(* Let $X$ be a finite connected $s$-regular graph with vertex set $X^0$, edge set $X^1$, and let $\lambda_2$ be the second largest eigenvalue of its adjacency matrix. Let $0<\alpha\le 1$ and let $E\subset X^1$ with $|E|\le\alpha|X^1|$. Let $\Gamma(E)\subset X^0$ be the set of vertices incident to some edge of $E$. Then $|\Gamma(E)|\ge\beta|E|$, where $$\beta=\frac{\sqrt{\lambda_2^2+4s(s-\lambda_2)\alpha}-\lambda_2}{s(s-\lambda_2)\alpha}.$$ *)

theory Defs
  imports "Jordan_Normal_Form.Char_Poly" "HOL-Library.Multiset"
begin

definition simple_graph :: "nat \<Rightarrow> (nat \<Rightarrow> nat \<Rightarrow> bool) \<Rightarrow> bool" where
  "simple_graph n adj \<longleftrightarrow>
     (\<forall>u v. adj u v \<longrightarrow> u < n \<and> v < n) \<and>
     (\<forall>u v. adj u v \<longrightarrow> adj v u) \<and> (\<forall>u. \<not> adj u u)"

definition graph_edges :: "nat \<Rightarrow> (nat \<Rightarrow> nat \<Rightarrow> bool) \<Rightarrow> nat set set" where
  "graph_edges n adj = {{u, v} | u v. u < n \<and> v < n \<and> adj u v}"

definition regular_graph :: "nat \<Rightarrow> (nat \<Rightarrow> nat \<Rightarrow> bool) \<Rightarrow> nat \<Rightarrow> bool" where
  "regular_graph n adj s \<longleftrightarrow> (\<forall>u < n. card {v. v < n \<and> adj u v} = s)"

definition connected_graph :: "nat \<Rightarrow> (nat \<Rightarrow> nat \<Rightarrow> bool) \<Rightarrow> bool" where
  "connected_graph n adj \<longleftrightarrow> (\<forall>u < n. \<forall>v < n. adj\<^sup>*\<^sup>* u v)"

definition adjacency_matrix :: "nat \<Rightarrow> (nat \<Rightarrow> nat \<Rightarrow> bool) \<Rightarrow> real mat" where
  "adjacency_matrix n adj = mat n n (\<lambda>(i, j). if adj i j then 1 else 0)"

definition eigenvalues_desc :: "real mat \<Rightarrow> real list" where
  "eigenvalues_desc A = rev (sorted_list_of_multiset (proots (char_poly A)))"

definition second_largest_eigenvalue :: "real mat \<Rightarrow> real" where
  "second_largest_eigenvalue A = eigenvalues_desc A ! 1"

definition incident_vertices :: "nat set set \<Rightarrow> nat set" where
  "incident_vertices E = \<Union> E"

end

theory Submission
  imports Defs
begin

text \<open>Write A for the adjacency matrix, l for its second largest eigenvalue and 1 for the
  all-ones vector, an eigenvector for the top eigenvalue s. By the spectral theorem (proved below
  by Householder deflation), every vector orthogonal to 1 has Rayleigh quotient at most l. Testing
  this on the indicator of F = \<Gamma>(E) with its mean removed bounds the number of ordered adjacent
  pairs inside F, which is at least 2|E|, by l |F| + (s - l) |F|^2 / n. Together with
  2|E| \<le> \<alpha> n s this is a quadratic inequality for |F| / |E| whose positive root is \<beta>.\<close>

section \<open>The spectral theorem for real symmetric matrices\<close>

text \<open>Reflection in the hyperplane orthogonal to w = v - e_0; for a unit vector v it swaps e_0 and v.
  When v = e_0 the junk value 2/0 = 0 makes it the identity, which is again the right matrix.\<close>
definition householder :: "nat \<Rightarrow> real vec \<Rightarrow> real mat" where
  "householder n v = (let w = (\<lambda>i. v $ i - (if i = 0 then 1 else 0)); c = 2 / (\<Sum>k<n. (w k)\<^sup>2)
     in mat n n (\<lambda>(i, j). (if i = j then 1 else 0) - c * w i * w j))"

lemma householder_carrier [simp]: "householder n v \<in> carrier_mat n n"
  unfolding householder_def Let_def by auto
* * *
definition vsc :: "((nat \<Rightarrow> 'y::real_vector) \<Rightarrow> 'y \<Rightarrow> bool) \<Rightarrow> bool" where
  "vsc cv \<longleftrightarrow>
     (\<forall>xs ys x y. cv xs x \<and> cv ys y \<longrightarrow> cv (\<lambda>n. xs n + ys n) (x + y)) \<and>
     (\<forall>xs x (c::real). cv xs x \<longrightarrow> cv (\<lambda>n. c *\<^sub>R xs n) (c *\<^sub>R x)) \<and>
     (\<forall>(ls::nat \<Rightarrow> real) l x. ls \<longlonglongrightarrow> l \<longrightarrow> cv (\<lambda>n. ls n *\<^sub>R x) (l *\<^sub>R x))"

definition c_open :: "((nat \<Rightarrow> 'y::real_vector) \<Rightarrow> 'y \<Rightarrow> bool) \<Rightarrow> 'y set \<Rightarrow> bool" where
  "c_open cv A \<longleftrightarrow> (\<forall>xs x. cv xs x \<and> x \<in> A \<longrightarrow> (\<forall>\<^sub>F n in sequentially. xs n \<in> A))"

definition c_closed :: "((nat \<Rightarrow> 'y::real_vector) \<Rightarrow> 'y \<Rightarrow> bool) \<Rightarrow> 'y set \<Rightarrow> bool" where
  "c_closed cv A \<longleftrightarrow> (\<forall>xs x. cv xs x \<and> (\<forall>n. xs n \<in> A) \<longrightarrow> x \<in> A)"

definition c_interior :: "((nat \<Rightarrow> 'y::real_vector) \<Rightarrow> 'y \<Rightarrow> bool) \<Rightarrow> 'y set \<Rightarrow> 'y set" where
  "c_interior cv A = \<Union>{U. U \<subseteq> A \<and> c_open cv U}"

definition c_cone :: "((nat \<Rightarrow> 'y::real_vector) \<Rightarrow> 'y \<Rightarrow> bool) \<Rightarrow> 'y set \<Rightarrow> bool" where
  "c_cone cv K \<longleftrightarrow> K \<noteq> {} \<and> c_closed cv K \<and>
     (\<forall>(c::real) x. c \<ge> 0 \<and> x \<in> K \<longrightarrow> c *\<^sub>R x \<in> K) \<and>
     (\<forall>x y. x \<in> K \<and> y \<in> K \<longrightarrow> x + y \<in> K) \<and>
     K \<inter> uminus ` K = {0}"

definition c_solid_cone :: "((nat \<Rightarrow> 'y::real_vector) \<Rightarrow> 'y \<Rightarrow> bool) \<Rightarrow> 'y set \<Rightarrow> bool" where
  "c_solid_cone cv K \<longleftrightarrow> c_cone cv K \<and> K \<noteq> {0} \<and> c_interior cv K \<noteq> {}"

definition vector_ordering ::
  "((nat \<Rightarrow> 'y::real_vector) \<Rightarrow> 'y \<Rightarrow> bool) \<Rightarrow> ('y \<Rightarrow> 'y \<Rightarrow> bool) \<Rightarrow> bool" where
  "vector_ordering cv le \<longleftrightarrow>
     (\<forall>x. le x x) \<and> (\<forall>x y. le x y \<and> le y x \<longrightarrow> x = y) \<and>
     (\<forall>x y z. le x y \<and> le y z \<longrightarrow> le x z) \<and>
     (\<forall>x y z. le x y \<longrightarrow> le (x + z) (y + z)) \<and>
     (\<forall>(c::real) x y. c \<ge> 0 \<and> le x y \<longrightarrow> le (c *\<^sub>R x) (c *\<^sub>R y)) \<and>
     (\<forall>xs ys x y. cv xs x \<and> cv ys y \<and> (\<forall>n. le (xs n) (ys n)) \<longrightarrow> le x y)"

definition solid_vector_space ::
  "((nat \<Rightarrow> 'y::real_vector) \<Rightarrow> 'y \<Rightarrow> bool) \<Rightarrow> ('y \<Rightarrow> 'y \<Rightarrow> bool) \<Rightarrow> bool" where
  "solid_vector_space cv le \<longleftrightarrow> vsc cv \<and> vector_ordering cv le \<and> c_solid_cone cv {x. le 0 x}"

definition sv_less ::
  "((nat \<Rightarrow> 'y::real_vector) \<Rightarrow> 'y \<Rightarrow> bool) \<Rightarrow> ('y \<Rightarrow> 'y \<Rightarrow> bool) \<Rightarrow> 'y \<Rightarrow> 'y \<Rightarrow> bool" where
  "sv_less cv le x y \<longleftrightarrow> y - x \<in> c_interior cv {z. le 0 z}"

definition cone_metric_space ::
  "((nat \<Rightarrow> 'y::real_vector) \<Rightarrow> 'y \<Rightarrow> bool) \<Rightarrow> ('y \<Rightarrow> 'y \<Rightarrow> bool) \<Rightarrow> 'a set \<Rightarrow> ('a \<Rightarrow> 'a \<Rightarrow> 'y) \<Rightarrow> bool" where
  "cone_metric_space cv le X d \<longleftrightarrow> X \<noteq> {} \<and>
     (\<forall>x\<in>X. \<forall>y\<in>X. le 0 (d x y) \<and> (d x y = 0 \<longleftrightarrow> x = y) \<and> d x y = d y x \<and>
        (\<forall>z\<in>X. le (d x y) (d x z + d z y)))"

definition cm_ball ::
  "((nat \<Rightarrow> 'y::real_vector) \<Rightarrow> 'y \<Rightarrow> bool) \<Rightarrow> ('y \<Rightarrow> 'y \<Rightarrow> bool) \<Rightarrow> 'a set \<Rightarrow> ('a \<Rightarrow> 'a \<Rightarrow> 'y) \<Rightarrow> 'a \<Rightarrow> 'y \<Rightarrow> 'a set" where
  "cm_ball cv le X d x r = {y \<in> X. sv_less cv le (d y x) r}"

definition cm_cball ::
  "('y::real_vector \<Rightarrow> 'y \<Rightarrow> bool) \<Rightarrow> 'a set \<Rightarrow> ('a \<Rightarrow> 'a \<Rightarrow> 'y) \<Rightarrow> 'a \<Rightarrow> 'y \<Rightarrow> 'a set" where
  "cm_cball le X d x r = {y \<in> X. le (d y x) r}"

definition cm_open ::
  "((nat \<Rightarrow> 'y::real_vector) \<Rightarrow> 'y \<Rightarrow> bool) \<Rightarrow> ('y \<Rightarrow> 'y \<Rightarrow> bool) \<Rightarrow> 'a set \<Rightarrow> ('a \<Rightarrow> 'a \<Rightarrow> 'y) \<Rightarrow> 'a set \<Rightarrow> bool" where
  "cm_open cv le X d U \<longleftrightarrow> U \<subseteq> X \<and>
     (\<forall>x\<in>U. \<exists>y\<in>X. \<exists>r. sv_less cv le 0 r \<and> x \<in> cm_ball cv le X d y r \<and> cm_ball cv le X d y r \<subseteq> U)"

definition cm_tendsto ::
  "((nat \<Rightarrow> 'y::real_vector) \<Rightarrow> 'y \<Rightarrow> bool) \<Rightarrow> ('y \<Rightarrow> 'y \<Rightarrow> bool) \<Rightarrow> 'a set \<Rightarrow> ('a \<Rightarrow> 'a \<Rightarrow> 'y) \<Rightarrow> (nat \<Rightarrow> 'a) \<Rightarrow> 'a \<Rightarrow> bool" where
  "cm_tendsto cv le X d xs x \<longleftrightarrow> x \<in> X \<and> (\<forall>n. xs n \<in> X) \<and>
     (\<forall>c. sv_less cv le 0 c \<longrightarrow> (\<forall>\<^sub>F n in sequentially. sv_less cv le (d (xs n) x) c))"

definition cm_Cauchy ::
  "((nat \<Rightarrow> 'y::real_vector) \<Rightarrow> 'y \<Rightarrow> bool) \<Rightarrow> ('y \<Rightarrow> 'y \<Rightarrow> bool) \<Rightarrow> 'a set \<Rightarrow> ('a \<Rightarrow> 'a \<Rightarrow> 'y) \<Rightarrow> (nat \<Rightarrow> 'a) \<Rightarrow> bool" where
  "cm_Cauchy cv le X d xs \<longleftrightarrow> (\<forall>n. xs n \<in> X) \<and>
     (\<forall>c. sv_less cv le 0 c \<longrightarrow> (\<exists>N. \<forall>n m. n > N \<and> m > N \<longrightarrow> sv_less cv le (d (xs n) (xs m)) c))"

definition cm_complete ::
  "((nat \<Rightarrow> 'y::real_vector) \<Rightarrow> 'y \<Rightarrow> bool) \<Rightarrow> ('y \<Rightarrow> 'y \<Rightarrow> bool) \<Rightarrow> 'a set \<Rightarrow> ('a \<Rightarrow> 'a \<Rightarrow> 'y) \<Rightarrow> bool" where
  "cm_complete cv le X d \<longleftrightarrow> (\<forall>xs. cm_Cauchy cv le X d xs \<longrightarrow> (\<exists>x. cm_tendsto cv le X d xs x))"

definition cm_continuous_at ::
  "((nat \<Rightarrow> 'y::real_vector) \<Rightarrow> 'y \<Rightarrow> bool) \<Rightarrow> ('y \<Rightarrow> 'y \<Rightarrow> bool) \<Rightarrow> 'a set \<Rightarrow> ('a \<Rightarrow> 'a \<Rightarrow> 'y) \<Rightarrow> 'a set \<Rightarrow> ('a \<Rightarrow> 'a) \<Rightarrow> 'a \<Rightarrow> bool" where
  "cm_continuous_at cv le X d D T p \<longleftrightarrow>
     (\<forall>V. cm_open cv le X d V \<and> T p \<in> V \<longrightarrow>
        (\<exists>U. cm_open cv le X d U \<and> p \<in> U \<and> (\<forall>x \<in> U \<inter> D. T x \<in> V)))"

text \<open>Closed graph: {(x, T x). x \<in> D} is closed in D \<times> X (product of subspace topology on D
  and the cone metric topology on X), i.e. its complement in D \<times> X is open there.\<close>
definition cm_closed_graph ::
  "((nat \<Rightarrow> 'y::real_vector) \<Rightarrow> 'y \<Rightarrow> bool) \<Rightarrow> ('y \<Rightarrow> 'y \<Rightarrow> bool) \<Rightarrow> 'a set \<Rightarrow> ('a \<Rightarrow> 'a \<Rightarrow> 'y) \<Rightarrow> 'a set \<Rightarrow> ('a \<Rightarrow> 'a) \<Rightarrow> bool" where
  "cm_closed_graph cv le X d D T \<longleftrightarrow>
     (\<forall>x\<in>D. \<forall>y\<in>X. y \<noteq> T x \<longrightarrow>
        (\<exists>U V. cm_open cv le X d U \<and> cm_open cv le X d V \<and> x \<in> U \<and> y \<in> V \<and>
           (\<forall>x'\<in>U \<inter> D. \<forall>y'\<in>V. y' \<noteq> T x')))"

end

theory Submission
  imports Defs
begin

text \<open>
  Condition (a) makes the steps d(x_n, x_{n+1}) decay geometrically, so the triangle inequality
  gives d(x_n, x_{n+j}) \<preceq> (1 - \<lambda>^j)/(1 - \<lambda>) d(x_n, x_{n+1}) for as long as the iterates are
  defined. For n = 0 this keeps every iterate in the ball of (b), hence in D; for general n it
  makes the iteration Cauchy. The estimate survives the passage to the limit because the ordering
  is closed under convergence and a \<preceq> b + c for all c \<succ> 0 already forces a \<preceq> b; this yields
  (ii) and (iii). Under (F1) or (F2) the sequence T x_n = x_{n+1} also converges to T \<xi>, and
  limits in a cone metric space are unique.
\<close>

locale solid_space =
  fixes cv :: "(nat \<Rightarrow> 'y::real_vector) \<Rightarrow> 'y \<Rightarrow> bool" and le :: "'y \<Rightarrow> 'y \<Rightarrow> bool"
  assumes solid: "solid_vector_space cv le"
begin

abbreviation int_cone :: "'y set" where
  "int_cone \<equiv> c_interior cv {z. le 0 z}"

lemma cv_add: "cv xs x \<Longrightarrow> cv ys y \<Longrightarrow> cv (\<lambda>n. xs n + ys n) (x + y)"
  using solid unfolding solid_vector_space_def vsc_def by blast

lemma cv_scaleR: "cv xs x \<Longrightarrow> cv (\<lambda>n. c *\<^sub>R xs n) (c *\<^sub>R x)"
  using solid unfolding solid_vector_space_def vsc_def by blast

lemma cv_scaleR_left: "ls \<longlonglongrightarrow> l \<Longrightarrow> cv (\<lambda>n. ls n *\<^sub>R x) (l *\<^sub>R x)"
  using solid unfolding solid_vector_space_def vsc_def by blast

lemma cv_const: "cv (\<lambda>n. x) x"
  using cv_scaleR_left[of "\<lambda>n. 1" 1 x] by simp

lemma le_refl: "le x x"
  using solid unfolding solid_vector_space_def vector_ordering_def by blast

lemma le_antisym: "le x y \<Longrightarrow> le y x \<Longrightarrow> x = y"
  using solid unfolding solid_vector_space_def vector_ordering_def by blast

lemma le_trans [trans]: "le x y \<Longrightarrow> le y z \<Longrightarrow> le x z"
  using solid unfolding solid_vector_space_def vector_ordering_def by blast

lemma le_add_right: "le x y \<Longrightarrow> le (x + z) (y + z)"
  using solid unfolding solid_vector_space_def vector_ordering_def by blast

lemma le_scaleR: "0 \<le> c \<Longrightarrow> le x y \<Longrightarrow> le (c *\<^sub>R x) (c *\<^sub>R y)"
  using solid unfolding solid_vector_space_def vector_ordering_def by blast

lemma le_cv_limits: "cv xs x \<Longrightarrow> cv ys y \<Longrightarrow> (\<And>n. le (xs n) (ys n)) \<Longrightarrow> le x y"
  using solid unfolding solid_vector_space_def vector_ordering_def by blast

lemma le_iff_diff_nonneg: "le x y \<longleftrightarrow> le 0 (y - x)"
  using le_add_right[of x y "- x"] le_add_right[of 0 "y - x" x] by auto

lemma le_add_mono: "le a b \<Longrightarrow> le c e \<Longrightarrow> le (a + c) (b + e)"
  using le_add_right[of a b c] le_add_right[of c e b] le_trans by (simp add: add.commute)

**Directions**
Everything in the material above from the line that has "topology on D" through the line that has "(\<forall>x\<in>D. \<forall>y\<in>X. y" must be duplicated exactly, with no other lines given.

**Reply to the task**
text \<open>Closed graph: {(x, T x). x \<in> D} is closed in D \<times> X (product of subspace topology on D
  and the cone metric topology on X), i.e. its complement in D \<times> X is open there.\<close>
definition cm_closed_graph ::
  "((nat \<Rightarrow> 'y::real_vector) \<Rightarrow> 'y \<Rightarrow> bool) \<Rightarrow> ('y \<Rightarrow> 'y \<Rightarrow> bool) \<Rightarrow> 'a set \<Rightarrow> ('a \<Rightarrow> 'a \<Rightarrow> 'y) \<Rightarrow> 'a set \<Rightarrow> ('a \<Rightarrow> 'a) \<Rightarrow> bool" where
  "cm_closed_graph cv le X d D T \<longleftrightarrow>
     (\<forall>x\<in>D. \<forall>y\<in>X. y \<noteq> T x \<longrightarrow>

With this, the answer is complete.